Donate
Psychology and Psychoanalysis

Дуэйн Руссель. Молока вы не получите!

Георгий Ливаднов02/12/22 15:342.1K🔥
Канадский психоаналитик и социолог Дуэйн Руссель рассуждает о проблемах логики «братской солидарности», охватывающей как правый, так и левый спектр современной политики, идею конститутивной нехватки, а также излагает новую вариацию каноничной шутки про «кофе без сливок».
Канадский психоаналитик и социолог Дуэйн Руссель рассуждает о проблемах логики «братской солидарности», охватывающей как правый, так и левый спектр современной политики, идею конститутивной нехватки, а также излагает новую вариацию каноничной шутки про «кофе без сливок».

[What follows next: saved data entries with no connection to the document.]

lemma orient_eq_0_collinear:
  assumes "orient a b c = 0"
  shows "collinear {a, b, c}"
proof (cases "a = b")
  case True
  then show ?thesis by (simp add: collinear_2)
next
  case False
  define A B where "A = b - a" and "B = c - a"
  have A0: "A \<noteq> 0" using False by (simp add: A_def)
  have im0: "Im (cnj A * B) = 0" using assms by (simp add: orient_def A_def B_def)
  have "B = (cnj A * B) * A / (cnj A * A)" using A0 by (simp add: field_simps)
  also have "\<dots> = of_real (Re (cnj A * B) / (cmod A)^2) * A"
    using im0 by (simp add: complex_eq_iff complex_norm_square[symmetric] mult.commute)
  finally have "B = (Re (cnj A * B) / (cmod A)^2) *\<^sub>R A" by (simp add: scaleR_conv_of_real)
  then have "collinear {0, A, B}" by (auto simp: collinear_lemma)
  moreover have "{a, b, c} = {b, a, c}" by auto
  ultimately show ?thesis using collinear_3[of b a c] by (simp add: A_def B_def)
qed

lemma collinear_distinct_between:
  fixes a b c :: "'a :: euclidean_space"
  assumes "collinear {a, b, c}" "a \<noteq> b" "b \<noteq> c" "a \<noteq> c"
  shows "a \<in> open_segment b c \<or> b \<in> open_segment c a \<or> c \<in> open_segment a b"
  using assms collinear_between_cases[of a b c] by (auto simp: between_mem_segment open_segment_def)

lemma orient_zero_in_segment:
  assumes "orient x a b = 0" "x \<noteq> a" "x \<noteq> b" "a \<noteq> b"
    and "a \<notin> open_segment x b" "b \<notin> open_segment x a"
  shows "x \<in> open_segment a b"
  using collinear_distinct_between[OF orient_eq_0_collinear[OF assms(1)] assms(2,4,3)] assms(5,6)
  by (auto simp: open_segment_commute)

lemma orient_in_segment:
  assumes "x \<in> open_segment a b" "0 < orient a b c"
  shows "0 < orient x b c \<and> 0 < orient x c a"
proof -
  obtain t where t: "0 < t" "t < 1" "x = (1 - t) *\<^sub>R a + t *\<^sub>R b"
    using assms(1) by (auto simp: in_segment)
  have "orient x b c = (1 - t) * orient a b c"
    using orient_affine[of t a b b c] by (simp add: t(3))
  moreover have "orient x c a = t * orient b c a"
    using orient_affine[of t a b c a] by (simp add: t(3))
  moreover have "0 < orient b c a" using assms(2) orient_cycle[of a b c] by linarith
  ultimately show ?thesis
    using t assms(2) mult_pos_pos[of "1 - t" "orient a b c"] mult_pos_pos[of t "orient b c a"]
    by linarith
qed

definition arg2 :: "complex \<Rightarrow> real" where
  "arg2 z = (if Arg z < 0 then Arg z + 2 * pi else Arg z)"

lemma ccw_angle_arg2: "ccw_angle x a b = arg2 ((b - x) / (a - x))"
  by (simp add: ccw_angle_def arg2_def Let_def)

lemma arg2_range: "0 \<le> arg2 z \<and> arg2 z < 2 * pi"
  using Arg_bounded[of z] by (auto simp: arg2_def)

lemma rcis_arg2: "rcis (cmod z) (arg2 z) = z"
proof -
  have "rcis (cmod z) (Arg z + 2 * pi) = rcis (cmod z) (Arg z)"
    by (simp add: rcis_def complex_eq_iff)
  then show ?thesis using rcis_cmod_Arg[of z] by (simp add: arg2_def)
qed

lemma Im_mult_cnj_arg2: "Im (w * cnj u) = cmod w * cmod u * sin (arg2 w - arg2 u)"
proof -
  have "w * cnj u = rcis (cmod w) (arg2 w) * cnj (rcis (cmod u) (arg2 u))"
    using rcis_arg2 by metis
  also have "\<dots> = rcis (cmod w * cmod u) (arg2 w - arg2 u)"
    by (simp add: rcis_def cis_cnj cis_mult[of "arg2 w" "- arg2 u"])
  finally show ?thesis by (simp add: Im_rcis)
qed

lemma Im_divide_cnj: "Im (b / a) = Im (cnj a * b) / (cmod a)^2"
  by (simp add: complex_div_cnj[of b a] mult.commute flip: of_real_power)

lemma sin_arg2_sign:
  assumes "z \<noteq> 0"
  shows "0 < sin (arg2 z) \<longleftrightarrow> 0 < Im z" "sin (arg2 z) < 0 \<longleftrightarrow> Im z < 0"
  using Im_mult_cnj_arg2[of z 1] assms
  by (simp_all add: arg2_def zero_less_mult_iff mult_less_0_iff)

lemma angle_less_from_sines:
  fixes \<alpha> \<beta> :: real
  assumes "0 \<le> \<alpha>" "\<alpha> < 2 * pi" "0 \<le> \<beta>" "\<beta> < 2 * pi"
    and "(0 < sin \<alpha> \<and> 0 < sin (\<beta> - \<alpha>)) \<or> (0 < sin (\<beta> - \<alpha>) \<and> sin \<beta> < 0)
         \<or> (0 < sin \<alpha> \<and> sin \<beta> < 0)"
  shows "\<alpha> < \<beta>"
proof (rule ccontr)
  assume "\<not> \<alpha> < \<beta>"
  then have "\<alpha> - \<beta> < pi \<Longrightarrow> sin (\<beta> - \<alpha>) \<le> 0"
    using sin_ge_zero[of "\<alpha> - \<beta>"] sin_minus[of "\<alpha> - \<beta>"] by simp
  moreover have "0 < sin \<alpha> \<Longrightarrow> \<alpha> < pi"
    using sin_ge_zero[of "\<alpha> - pi"] assms(1,2) by (smt (verit) sin_minus_pi)
  moreover have "sin \<beta> < 0 \<Longrightarrow> pi < \<beta>"
    using sin_ge_zero[of \<beta>] assms(3) by linarith
  ultimately show False using assms \<open>\<not> \<alpha> < \<beta>\<close> by auto
qed

lemma cyc_before_if_two_positive:
  assumes "(0 < orient x a b \<and> 0 < orient x b c) \<or> (0 < orient x b c \<and> 0 < orient x c a)
           \<or> (0 < orient x a b \<and> 0 < orient x c a)"
  shows "cyc_before x a b c"
proof -
  have ne: "a \<noteq> x" "b \<noteq> x" "c \<noteq> x"
    using assms by (auto simp: orient_def)
  define u w where "u = (b - x) / (a - x)" and "w = (c - x) / (a - x)"
  define N where "N = (cmod (a - x))^2"
  have N: "0 < N" using ne by (simp add: N_def)
  have uw: "u \<noteq> 0" "w \<noteq> 0" using ne by (auto simp: u_def w_def)
  have "Im u = orient x a b / N"
    by (simp add: u_def N_def Im_divide_cnj orient_def)
  then have su: "0 < sin (arg2 u) \<longleftrightarrow> 0 < orient x a b"
    using sin_arg2_sign(1)[OF uw(1)] N by (simp add: zero_less_divide_iff)
  have "Im w = - orient x c a / N"
    by (simp add: w_def N_def Im_divide_cnj orient_def algebra_simps)
  then have sw: "sin (arg2 w) < 0 \<longleftrightarrow> 0 < orient x c a"
    using sin_arg2_sign(2)[OF uw(2)] N by (simp add: zero_less_divide_iff)
  have "(a - x) * cnj (a - x) = of_real N"
    by (simp only: N_def complex_norm_square)
  then have "w * cnj u = (c - x) * cnj (b - x) / of_real N"
    by (simp add: u_def w_def times_divide_times_eq mult.commute)
  then have "Im (w * cnj u) = orient x b c / N"
    by (simp add: Im_divide_of_real orient_def mult.commute)
  then have "orient x b c / N = (cmod w * cmod u) * sin (arg2 w - arg2 u)"
    by (metis Im_mult_cnj_arg2)
  moreover have "0 < cmod w * cmod u" using uw by simp
  ultimately have swu: "0 < sin (arg2 w - arg2 u) \<longleftrightarrow> 0 < orient x b c"
    using N by (metis zero_less_divide_iff zero_less_mult_iff order_less_asym)
  have "arg2 u < arg2 w"
    using angle_less_from_sines arg2_range[of u] arg2_range[of w] su sw swu assms by meson
  then show ?thesis by (simp add: cyc_before_def ccw_angle_arg2 u_def w_def)
qed

definition slack :: "real \<Rightarrow> complex \<Rightarrow> complex \<Rightarrow> real" where
  "slack \<beta> w z = \<beta> - Re (z * cnj w)"

lemma slack_convex_comb:
  "slack \<beta> w ((1 - u) *\<^sub>R p + u *\<^sub>R q) = (1 - u) * slack \<beta> w p + u * slack \<beta> w q"
  by (simp add: slack_def scaleR_conv_of_real algebra_simps)

lemma slack_open_segment_zero:
  assumes "z \<in> open_segment p q" "slack \<beta> w z = 0" "0 \<le> slack \<beta> w p" "0 \<le> slack \<beta> w q"
  shows "slack \<beta> w p = 0 \<and> slack \<beta> w q = 0"
proof -
  obtain u where u: "0 < u" "u < 1" "z = (1 - u) *\<^sub>R p + u *\<^sub>R q"
    using assms(1) by (auto simp: in_segment)
  have "(1 - u) * slack \<beta> w p + u * slack \<beta> w q = 0"
    using assms(2) by (simp add: u(3) slack_convex_comb)
  moreover have "0 \<le> (1 - u) * slack \<beta> w p" "0 \<le> u * slack \<beta> w q"
    using u assms(3,4) by simp_all
  ultimately show ?thesis using u by (simp add: add_nonneg_eq_0_iff)
qed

Перевод сделан с любезного разрешения (и радости) Дуэйна Русселя.

Оригинал


Возможно, читатели The Philosophical Salon знакомы с очень образными ремарками Аленки Зупанчич о ключевой сцене в классическом фильме Эрнста Любича Ниночка (1939). Мужчина заходит в кафе и просит чашку кофе без сливок. На эту, казалось бы, невинную просьбу официант отвечает следующее: “извините, сэр, но у нас есть только молоко. Могу я принести вам кофе без молока?”[i] В ту же секунду все мужчины в кафе, включая того, кто рассказал эту шутку, разражаются истерическим смехом. Я полагаю, это дает нам новый интересный набор вопросов, касающихся логики ‘братской солидарности’ и псевдо-лакановского концепта ‘конститутивной нехватки’, который, на мой взгляд, способен оказывать идеологическую поддержку консервативным групповым проявлениям. Например: хоть все мужчины-представители рабочего класса в магазинчике были едины в своем одобрении шутки, одна женщина упрямо не реагировала на событие, оставаясь невозмутимой.

В хорошо известной книге Фрейда Остроумие и его отношение к бессознательному (1905)[ii] есть нечто глубоко политическое. Проще говоря, хорошая шутка предлагает нам способ доступа — или, скорее, освобождения от традиционных ограничений Супер-Эго — к фрейдовскому бессознательному. Однако, как верно напомнила нам Аленка Зупанчич, повторяя Фрейда, это верно не для всех сортов юмора.[iii] Например, Жак-Ален Миллер несколько десятилетий назад описал особенно ироничный или саркастический стиль юмора, демонстрирующий иную позицию по отношению к бессознательному: “Ирония […] сообщает, что Другого не существует, что социальные связи в основе своей являются надувательством.”[iv] Призыв Миллера к созданию ‘иронической клиники’, то бишь клиники бреда, учитывает и отталкивается от наших последних недовольств в культуре, начиная с не-существования Другого. Это предлагает интересную альтернативу подходам, начинающимся с перспективы, согласно которой существует “общее и единое отношение к языку”, поскольку может привести к тому, что я бы назвал подходом, который лучше всего характеризуется выражением: ‘ты угодил в свою же яму!’ <‘the joke’s on you!>. В таких обстоятельствах можно “посмеяться над сумасшедшим, над этим несчастным безумцем, который находится вне единого языка.”[v] Миллер продолжает: “те, кто смеются над психотиком, просто остаются замкнуты в рамках конструкции собственной клиники, основанной на уже сложившихся дискурсах”[vi].

В конечном счете, что стоит на кону в этом конкретном виде ‘политической комедии’? Когда ‘joke is on you’, политика становится видимой на расстоянии. Следовательно, шутки не являются политическими только потому, что они обеспечивают нам братскую поддержку общих теоретических/языковых игр, даже если эти игры левые, марксистские или даже лакановские. Что делает шутку политической, так это тот факт, что она дает возможность увидеть то, что Фрейд называл ‘другой сценой’. Те, кто закрывают эту сцену, зашивая ее, столь же успешно форклюзируют откровения бессознательного вкупе с его новой концепцией истины.[vii] Я бы даже сказал, что это сшивание фрейдовского поля, это закрытие бессознательного представляет собой именно ‘контр-политическое’ действие. В таких обстоятельствах наша политика становится видимой на расстоянии, даже если мы воображаем, что она каким-то образом тесно связана с политическими высказываниями и действиями, которые обозначаются как ‘радикальные’, ‘левые’ или даже ‘революционные’.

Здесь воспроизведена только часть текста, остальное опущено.